Task instructions:
Set out exactly, line by line, the stretch of data below that begins at the line containing "c < 1 \<and>" and ends at the line containing "by (simp add: dot_lmul_matrix)", with both ends kept.

Collected data
============

text \<open>The real and imaginary parts of \<open>z\<^sup>n v\<close> are orbits of \<open>T\<close>, so they decay like \<open>c\<^sup>n\<close>;
  this rules out \<open>\<bar>z\<bar> \<ge> 1\<close>.\<close>

lemma cmod_eigenvalue_less_1_if_contraction:
  fixes T :: "real^'n^'n" and bounded :: "real \<Rightarrow> real^'n \<Rightarrow> bool"
  assumes init: "\<And>w. \<exists>K\<ge>0. bounded K w"
    and step: "\<And>K w. 0 \<le> K \<Longrightarrow> bounded K w \<Longrightarrow> bounded (c * K) (T *v w)"
    and entry: "\<And>K w p. 0 \<le> K \<Longrightarrow> bounded K w \<Longrightarrow> \<bar>w $ p\<bar> \<le> C * K"
    and c: "0 \<le> c" "c < 1"
    and eigen: "v \<noteq> 0" "(\<chi> i j. complex_of_real (T $ i $ j)) *v v = z *s v"
  shows "cmod z < 1"
proof (rule ccontr)
  assume "\<not> cmod z < 1"
  then have z: "1 \<le> cmod z" by simp
  have power: "(\<chi> i j. complex_of_real (T $ i $ j)) *v (z ^ n *s v) = z ^ Suc n *s v" for n
    by (simp add: vector_scalar_commute eigen(2) vector_smult_assoc mult.commute)
  have decay: "\<exists>K\<ge>0. \<forall>n p. \<bar>w n $ p\<bar> \<le> C * (c ^ n * K)"
    if orbit: "\<And>n. T *v w n = w (Suc n)" for w
  proof -
    obtain K where K: "0 \<le> K" "bounded K (w 0)" using init by blast
    have "bounded (c ^ n * K) (w n)" for n
    proof (induction n)
      case (Suc n)
      then show ?case using step[of "c ^ n * K" "w n"] K(1) c(1) by (simp add: orbit mult.assoc)
    qed (simp add: K)
    then show ?thesis using K(1) c(1) entry by (intro exI[of _ K]) auto
  qed
  define re where "re n = (\<chi> p. Re ((z ^ n *s v) $ p))" for n
  define im where "im n = (\<chi> p. Im ((z ^ n *s v) $ p))" for n
  have "T *v re n = re (Suc n)" for n
    unfolding re_def Re_complex_matrix_vector_mult power ..
  then obtain Kr where Kr: "\<And>n p. \<bar>Re ((z ^ n *s v) $ p)\<bar> \<le> C * (c ^ n * Kr)"
    using decay[of re] by (auto simp: re_def)
  have "T *v im n = im (Suc n)" for n
    unfolding im_def Im_complex_matrix_vector_mult power ..
  then obtain Ki where Ki: "\<And>n p. \<bar>Im ((z ^ n *s v) $ p)\<bar> \<le> C * (c ^ n * Ki)"
    using decay[of im] by (auto simp: im_def)
  have "v $ p = 0" for p
  proof -
    have "cmod (v $ p) \<le> c ^ n * (C * (Kr + Ki))" for n
    proof -
      have "cmod (v $ p) \<le> cmod z ^ n * cmod (v $ p)"
        using z by (simp add: mult_le_cancel_right1 one_le_power)
      also have "\<dots> = cmod ((z ^ n *s v) $ p)" by (simp add: norm_mult norm_power)
      also have "\<dots> \<le> \<bar>Re ((z ^ n *s v) $ p)\<bar> + \<bar>Im ((z ^ n *s v) $ p)\<bar>" by (rule cmod_le)
      also have "\<dots> \<le> c ^ n * (C * (Kr + Ki))"
        using Kr[of n p] Ki[of n p] by (simp add: algebra_simps)
      finally show ?thesis .
    qed
    moreover have "(\<lambda>n. c ^ n * (C * (Kr + Ki))) \<longlonglongrightarrow> 0"
      using c by (intro tendsto_mult_left_zero LIMSEQ_power_zero) auto
    ultimately have "cmod (v $ p) \<le> 0"
      by (intro LIMSEQ_le_const[of "\<lambda>n. c ^ n * (C * (Kr + Ki))"]) auto
    then show ?thesis by simp
  qed
  then show False using eigen(1) by (simp add: Finite_Cartesian_Product.vec_eq_iff)
qed

text \<open>Transfer to the Jordan-Normal-Form library, where the spectrum of a square complex
  matrix is known to be finite and nonempty; \<open>h\<close> enumerates the index type.\<close>

context
  fixes h :: "'n::finite \<Rightarrow> nat"
  assumes h: "bij_betw h UNIV {0..<CARD('n)}"
begin

definition jnf_vec :: "'a^'n \<Rightarrow> 'a Matrix.vec" where
  "jnf_vec v = Matrix.vec CARD('n) (\<lambda>i. v $ inv_into UNIV h i)"

definition cart_vec :: "'a Matrix.vec \<Rightarrow> 'a^'n" where
  "cart_vec w = (\<chi> k. vec_index w (h k))"

definition jnf_mat :: "'a^'n^'n \<Rightarrow> 'a mat" where
  "jnf_mat A = Matrix.mat CARD('n) CARD('n) (\<lambda>(i, j). A $ inv_into UNIV h i $ inv_into UNIV h j)"

lemma jnf_mat_carrier [simp]: "jnf_mat A \<in> carrier_mat CARD('n) CARD('n)"
  by (simp add: jnf_mat_def)

lemma dim_row_jnf_mat [simp]: "dim_row (jnf_mat A) = CARD('n)"
  by (simp add: jnf_mat_def)

lemma cart_vec_jnf_vec [simp]: "cart_vec (jnf_vec v) = v"
proof -
  have "h k < CARD('n)" "inv_into UNIV h (h k) = k" for k
    using h by (auto simp: bij_betw_def)
  then show ?thesis by (simp add: cart_vec_def jnf_vec_def Finite_Cartesian_Product.vec_eq_iff)
qed

lemma jnf_vec_cart_vec: "w \<in> carrier_vec CARD('n) \<Longrightarrow> jnf_vec (cart_vec w) = w"
proof (intro eq_vecI)
  fix i assume "w \<in> carrier_vec CARD('n)" "i < dim_vec w"
  then have "i < CARD('n)" by simp
  then have "h (inv_into UNIV h i) = i" using h by (simp add: bij_betw_inv_into_right)
  with \<open>i < CARD('n)\<close> show "vec_index (jnf_vec (cart_vec w)) i = vec_index w i"
    by (simp add: cart_vec_def jnf_vec_def)
qed (simp add: jnf_vec_def)

lemma jnf_vec_carrier [simp]: "jnf_vec v \<in> carrier_vec CARD('n)"
  by (simp add: jnf_vec_def)

lemma jnf_vec_eq_0_iff: "jnf_vec v = 0\<^sub>v CARD('n) \<longleftrightarrow> v = 0"
proof -
  have "jnf_vec 0 = 0\<^sub>v CARD('n)" by (intro eq_vecI) (simp_all add: jnf_vec_def)
  then show ?thesis using cart_vec_jnf_vec by metis
qed

lemma jnf_vec_smult: "jnf_vec (z *s v) = z \<cdot>\<^sub>v jnf_vec v"
  by (intro eq_vecI) (simp_all add: jnf_vec_def)

lemma jnf_mat_mult_jnf_vec:
  fixes A :: "'a::comm_semiring_1^'n^'n"
  shows "jnf_mat A *\<^sub>v jnf_vec v = jnf_vec (A *v v)"
proof (rule eq_vecI)
  let ?g = "inv_into UNIV h"
  fix i assume "i < dim_vec (jnf_vec (A *v v))"
  then have i: "i < CARD('n)" by (simp add: jnf_vec_def)
  have "vec_index (jnf_mat A *\<^sub>v jnf_vec v) i = (\<Sum>j\<in>{0..<CARD('n)}. A $ ?g i $ ?g j * v $ ?g j)"
    using i by (simp add: jnf_mat_def jnf_vec_def scalar_prod_def)
  also have "\<dots> = (\<Sum>k\<in>UNIV. A $ ?g i $ k * v $ k)"
    using sum.reindex_bij_betw[OF bij_betw_inv_into[OF h], of "\<lambda>k. A $ ?g i $ k * v $ k"] by simp
  finally show "vec_index (jnf_mat A *\<^sub>v jnf_vec v) i = vec_index (jnf_vec (A *v v)) i"
    using i by (simp add: jnf_vec_def matrix_vector_mult_def)
qed (simp add: jnf_mat_def jnf_vec_def)

lemma eigenvalues_eq_spectrum_jnf_mat:
  fixes A :: "'a::comm_ring_1^'n^'n"
  shows "{z. \<exists>v. v \<noteq> 0 \<and> A *v v = z *s v} = spectrum (jnf_mat A)"
proof (intro equalityI subsetI)
  fix z assume "z \<in> {z. \<exists>v. v \<noteq> 0 \<and> A *v v = z *s v}"
  then obtain v where "v \<noteq> 0" "A *v v = z *s v" by blast
  then have "eigenvector (jnf_mat A) (jnf_vec v) z"
    by (simp add: eigenvector_def jnf_vec_eq_0_iff jnf_mat_mult_jnf_vec jnf_vec_smult)
  then show "z \<in> spectrum (jnf_mat A)" by (auto simp: spectrum_def eigenvalue_def)
next
  fix z assume "z \<in> spectrum (jnf_mat A)"
  then obtain w where "eigenvector (jnf_mat A) w z" by (auto simp: spectrum_def eigenvalue_def)
  then have w: "w \<in> carrier_vec CARD('n)" "w \<noteq> 0\<^sub>v CARD('n)" "jnf_mat A *\<^sub>v w = z \<cdot>\<^sub>v w"
    by (auto simp: eigenvector_def)
  then have "jnf_vec (A *v cart_vec w) = jnf_vec (z *s cart_vec w)"
    by (simp add: jnf_mat_mult_jnf_vec[symmetric] jnf_vec_smult jnf_vec_cart_vec)
  then have "A *v cart_vec w = z *s cart_vec w" by (metis cart_vec_jnf_vec)
  moreover have "cart_vec w \<noteq> 0" using w jnf_vec_eq_0_iff jnf_vec_cart_vec by metis
  ultimately show "z \<in> {z. \<exists>v. v \<noteq> 0 \<and> A *v v = z *s v}" by blast
qed

end

lemma spec_rad_less:
  fixes A :: "real^'n^'n"
  assumes "\<And>z v. v \<noteq> 0 \<Longrightarrow> (\<chi> i j. complex_of_real (A $ i $ j)) *v v = z *s v \<Longrightarrow> cmod z < r"
  shows "spec_rad A < r"
proof -
  let ?A = "\<chi> i j. complex_of_real (A $ i $ j)"
  let ?E = "{z. \<exists>v. v \<noteq> 0 \<and> ?A *v v = z *s v}"
  obtain h :: "'n \<Rightarrow> nat" where h: "bij_betw h UNIV {0..<CARD('n)}"
    using ex_bij_betw_finite_nat[of "UNIV :: 'n set"] by auto
  have E: "?E = spectrum (jnf_mat h ?A)" by (rule eigenvalues_eq_spectrum_jnf_mat[OF h])
  have carrier: "jnf_mat h ?A \<in> carrier_mat CARD('n) CARD('n)" by (rule jnf_mat_carrier[OF h])
  have "finite (cmod ` ?E)"
    unfolding E using card_finite_spectrum(1)[OF carrier] by blast
  moreover have "cmod ` ?E \<noteq> {}"
    unfolding E using spectrum_non_empty[OF carrier] by simp
  moreover have "spec_rad A = Max (cmod ` ?E)"
    unfolding spec_rad_def by (rule arg_cong[where f = Max]) blast
  ultimately show ?thesis using assms by (auto simp: Max_less_iff)
qed

lemma bounded_linear_inner_matrix_vector:
  fixes x :: "real^'m" and y :: "real^'n"
  shows "bounded_linear (\<lambda>A :: real^'n^'m. x \<bullet> (A *v y))"
proof -
  have "linear (\<lambda>A :: real^'n^'m. x \<bullet> (A *v y))"
    by (intro linearI)
      (simp_all add: matrix_vector_mult_add_rdistrib inner_add_right scaleR_matrix_vector_assoc[symmetric])
  then show ?thesis by (simp add: linear_conv_bounded_linear)
qed

lemma fixed_point_quadratic_identity:
  fixes F :: "'a \<Rightarrow> real^'k^'k"
  assumes iF: "integrable M F"
    and V_eq: "V = lambda0 *\<^sub>R mat 1 - \<alpha> *\<^sub>R ((\<integral>\<omega>. F \<omega> \<partial>M) ** V)"
  shows "u \<bullet> (V *v u) = lambda0 * (u \<bullet> u) - \<alpha> * (\<integral>\<omega>. (u v* F \<omega>) \<bullet> (V *v u) \<partial>M)"
proof -
  let ?EF = "\<integral>\<omega>. F \<omega> \<partial>M"
  have "V *v u = (lambda0 *\<^sub>R mat 1 - \<alpha> *\<^sub>R (?EF ** V)) *v u"
    using V_eq by (rule arg_cong)
  also have "\<dots> = lambda0 *\<^sub>R u - \<alpha> *\<^sub>R (?EF *v (V *v u))"
    by (simp only: matrix_vector_mult_diff_rdistrib scaleR_matrix_vector_assoc[symmetric]
        matrix_vector_mul_lid matrix_vector_mul_assoc)
  finally have "u \<bullet> (V *v u) = u \<bullet> (lambda0 *\<^sub>R u - \<alpha> *\<^sub>R (?EF *v (V *v u)))"
    by (rule arg_cong)
  also have "\<dots> = lambda0 * (u \<bullet> u) - \<alpha> * (u \<bullet> (?EF *v (V *v u)))"
    by (simp only: inner_diff_right inner_scaleR_right)
  also have "u \<bullet> (?EF *v (V *v u)) = (\<integral>\<omega>. u \<bullet> (F \<omega> *v (V *v u)) \<partial>M)"
    by (rule integral_bounded_linear[OF bounded_linear_inner_matrix_vector iF, symmetric])
  finally show ?thesis by (simp only: dot_lmul_matrix)
qed

lemma mean_quadratic_contraction:
  fixes F :: "'a \<Rightarrow> real^'k^'k"
  assumes "pos_def V" "0 \<le> \<alpha>" "0 < lambda0" and iF: "integrable M F"
    and iq: "\<And>u. integrable M (\<lambda>\<omega>. (u v* F \<omega>) \<bullet> (V *v (u v* F \<omega>)))"
    and V_eq: "V = lambda0 *\<^sub>R mat 1 - \<alpha> *\<^sub>R ((\<integral>\<omega>. F \<omega> \<partial>M) ** V)"
    and pointwise: "\<And>\<omega> u. (u v* F \<omega>) \<bullet> (V *v (u v* F \<omega>)) \<le> - ((u v* F \<omega>) \<bullet> (V *v u))"
  shows "\<exists>c. 0 \<le> c \<and> c < 1 \<and>
    (\<forall>u. \<alpha> * (\<integral>\<omega>. (u v* F \<omega>) \<bullet> (V *v (u v* F \<omega>)) \<partial>M) \<le> c * (u \<bullet> (V *v u)))"
proof -
  obtain B where B: "B > 0" "\<And>x. x \<bullet> (V *v x) \<le> B * (norm x)\<^sup>2"
    using quadratic_form_upper_bound[of V] by blast
  define B' where "B' = max B lambda0"
  have B': "0 < B'" "lambda0 \<le> B'" using B(1) by (simp_all add: B'_def)
  have quadratic_le: "x \<bullet> (V *v x) \<le> B' * (x \<bullet> x)" for x
  proof -
    have "B * (norm x)\<^sup>2 \<le> B' * (norm x)\<^sup>2" by (intro mult_right_mono) (simp_all add: B'_def)
    then show ?thesis using B(2)[of x] by (simp add: power2_norm_eq_inner)
  qed
  have "\<alpha> * (\<integral>\<omega>. (u v* F \<omega>) \<bullet> (V *v (u v* F \<omega>)) \<partial>M) \<le> (1 - lambda0 / B') * (u \<bullet> (V *v u))"
    for u
  proof -
    have "integrable M (\<lambda>\<omega>. (u v* F \<omega>) \<bullet> (V *v u))"
      using integrable_bounded_linear[OF bounded_linear_inner_matrix_vector iF]
      by (simp add: dot_lmul_matrix)
    then have "\<alpha> * (\<integral>\<omega>. (u v* F \<omega>) \<bullet> (V *v (u v* F \<omega>)) \<partial>M)
        \<le> \<alpha> * (\<integral>\<omega>. - ((u v* F \<omega>) \<bullet> (V *v u)) \<partial>M)"
      using iq pointwise \<open>0 \<le> \<alpha>\<close> by (intro mult_left_mono integral_mono) auto
    also have "\<dots> = u \<bullet> (V *v u) - lambda0 * (u \<bullet> u)"
      using fixed_point_quadratic_identity[OF iF V_eq, of u] by simp
    also have "\<dots> \<le> (1 - lambda0 / B') * (u \<bullet> (V *v u))"
      using B'(1) mult_left_mono[OF quadratic_le[of u], of "lambda0 / B'"] \<open>0 < lambda0\<close>
      by (simp add: algebra_simps)
    finally show ?thesis .
  qed
  moreover have "0 \<le> 1 - lambda0 / B'" "1 - lambda0 / B' < 1"
    using B' \<open>0 < lambda0\<close> by auto
  ultimately show ?thesis by blast
qed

============

Written solution:
  shows "\<exists>c. 0 \<le> c \<and> c < 1 \<and>
    (\<forall>u. \<alpha> * (\<integral>\<omega>. (u v* F \<omega>) \<bullet> (V *v (u v* F \<omega>)) \<partial>M) \<le> c * (u \<bullet> (V *v u)))"
proof -
  obtain B where B: "B > 0" "\<And>x. x \<bullet> (V *v x) \<le> B * (norm x)\<^sup>2"
    using quadratic_form_upper_bound[of V] by blast
  define B' where "B' = max B lambda0"
  have B': "0 < B'" "lambda0 \<le> B'" using B(1) by (simp_all add: B'_def)
  have quadratic_le: "x \<bullet> (V *v x) \<le> B' * (x \<bullet> x)" for x
  proof -
    have "B * (norm x)\<^sup>2 \<le> B' * (norm x)\<^sup>2" by (intro mult_right_mono) (simp_all add: B'_def)
    then show ?thesis using B(2)[of x] by (simp add: power2_norm_eq_inner)
  qed
  have "\<alpha> * (\<integral>\<omega>. (u v* F \<omega>) \<bullet> (V *v (u v* F \<omega>)) \<partial>M) \<le> (1 - lambda0 / B') * (u \<bullet> (V *v u))"
    for u
  proof -
    have "integrable M (\<lambda>\<omega>. (u v* F \<omega>) \<bullet> (V *v u))"
      using integrable_bounded_linear[OF bounded_linear_inner_matrix_vector iF]
      by (simp add: dot_lmul_matrix)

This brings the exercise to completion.